Under its new policy, Nestlé commits to identify and exclude companies from its supply chain that own or manage “high risk plantations or farms linked to deforestation”(2). This exclusion would apply to companies such as Sinar Mas, Indonesia’s most notorious palm oil and pulp and paper supplier (3), if it fails to meet the criteria set out in the policy. It also has implications for palm oil traders, such as Cargill, which continue to buy from Sinar Mas.
“Nestlé's move sends a clear message to Sinar Mas and to the rest of the palm oil and paper industries that rainforest destruction is not acceptable in the global marketplace.

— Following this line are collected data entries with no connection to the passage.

text \<open>The hypothesis is the bound for words beginning with 1; a closed word is rotated into
  that form.\<close>

lemma card_NC2_closed_le:
  assumes leading_ones: "\<And>k v. Suc k + length v = length w \<Longrightarrow>
      path_end (replicate (Suc k) True @ v) = 0 \<Longrightarrow> height_le h (replicate (Suc k) True @ v) \<Longrightarrow>
      card (NC2 (replicate (Suc k) True @ v)) \<le> raney h (Suc (Suc k)) (true_runs v)"
    and closed: "path_end w = 0" and height: "height_le h w"
  shows "card (NC2 w) \<le> raney h 1 (true_runs w)"
proof -
  obtain m u where w: "w = replicate m False @ u" and u: "u = [] \<or> hd u"
    by (rule split_leading_run[of w False]) simp
  show ?thesis
  proof (cases "u = []")
    case True
    then show ?thesis
      using closed w by (simp add: NC2_Nil)
  next
    case False
    obtain n v where uv: "u @ replicate m False = replicate n True @ v" and v: "v = [] \<or> \<not> hd v"
      by (rule split_leading_run[of _ True]) simp
    obtain k where n: "n = Suc k"
      using False u uv v by (cases n) (auto simp: hd_append)
    have closed': "path_end (replicate n True @ v) = 0"
      using closed w arg_cong[OF uv, of path_end] by simp
    have height': "height_le h (replicate n True @ v)"
      using height_le_rotate[of "replicate m False" u] closed height w uv by simp
    have "card (NC2 w) \<le> card (NC2 (replicate n True @ v))"
      using card_NC2_append_le_swap[of "replicate m False" u] w uv by simp
    also have "\<dots> \<le> raney h (Suc n) (true_runs v)"
      using leading_ones[of k v] closed' height' n w arg_cong[OF uv, of length] by simp
    also have "\<dots> \<le> raney h (Suc h) (true_runs v)"
      using height_le_leading_run[OF height'] by (simp add: raney_mono)
    also have "\<dots> = raney h 1 (true_runs (replicate n True @ v))"
      using true_runs_leading_run[of n v] n v by simp
    also have "\<dots> = raney h 1 (true_runs w)"
      using w arg_cong[OF uv, of true_runs] by simp
    finally show ?thesis .
  qed
qed

lemma card_NC2_le_raney:
  assumes "path_end (replicate k True @ w) = 0" and "height_le h (replicate k True @ w)"
  shows "card (NC2 (replicate k True @ w)) \<le> raney h (Suc k) (true_runs w)"
  using assms
proof (induction "k + length w" arbitrary: k w rule: less_induct)
  case less
  have leading_ones:
      "card (NC2 (replicate (Suc k') True @ v)) \<le> raney h (Suc (Suc k')) (true_runs v)"
    if "Suc k' + length v = k + length w" "path_end (replicate (Suc k') True @ v) = 0"
      "height_le h (replicate (Suc k') True @ v)" for k' v
    using that(2,3) by (rule card_NC2_leading_ones_step[rotated]) (use less.hyps that(1) in simp)
  show ?case
  proof (cases k)
    case 0
    then show ?thesis
      using card_NC2_closed_le[of w h] leading_ones less.prems by simp
  next
    case (Suc k')
    then show ?thesis
      using leading_ones[of k' w] less.prems by simp
  qed
qed

theorem lemma3p4:
  fixes r :: nat and n m :: "nat \<Rightarrow> nat"
  assumes "r \<ge> 1"
    and "\<forall>j<r. n j \<ge> 1 \<and> m j \<ge> 1"
    and "(\<Sum>j<r. n j) = (\<Sum>j<r. m j)"
  shows "real (card (NC2 (run_word r n m))) \<le> fuss_catalan (lp_height (run_word r n m)) r
       \<and> fuss_catalan (lp_height (run_word r n m)) r
           \<le> real r ^ (r - 1) / fact r * (1 + real (lp_height (run_word r n m))) ^ (r - 1)"
proof
  let ?S = "run_word r n m"
  let ?h = "lp_height ?S"
  have "card (NC2 (replicate 0 True @ ?S)) \<le> raney ?h (Suc 0) (true_runs ?S)"
    by (rule card_NC2_le_raney) (simp_all add: path_end_run_word assms(3) height_le_lp_height)
  then show "real (card (NC2 ?S)) \<le> fuss_catalan ?h r"
    using true_runs_run_word[OF assms(2)] raney_one_eq_fuss_catalan[of ?h r] by simp
  show "fuss_catalan ?h r \<le> real r ^ (r - 1) / fact r * (1 + real ?h) ^ (r - 1)"
    by (rule fuss_catalan_le[OF assms(1)])
qed

end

They need to clean up their act and move to implement a moratorium on rainforest destruction and full peatland protection. Greenpeace will closely monitor and push for the rapid implementation of Nestlé's plan,” said Skar.
Global demand for both palm oil and paper is increasing, with companies like Sinar Mas expanding into Indonesia's forests and peatlands. As a result, the country has one of the fastest rates of forest destruction (4) on the planet and is the world's third largest greenhouse gas emitter, after China and the United States. (5) Palm oil is used in a huge range of products - from chocolate, toothpaste and cosmetics to so-called “climate friendly” biofuels.
Bustar Maitar, Greenpeace Southeast Asia Forest Team Leader said: “The Indonesian government must also take tough action against deforestation. It must protect our country's carbon rich peatland and rainforests as well as the reputation of the palm oil and paper industries by establishing a moratorium on forest destruction and full peatland protection. In order to make this happen Greenpeace will continue to pressure both the Indonesian government and the palm oil and paper industries that are causing biodiversity and climate devastation.”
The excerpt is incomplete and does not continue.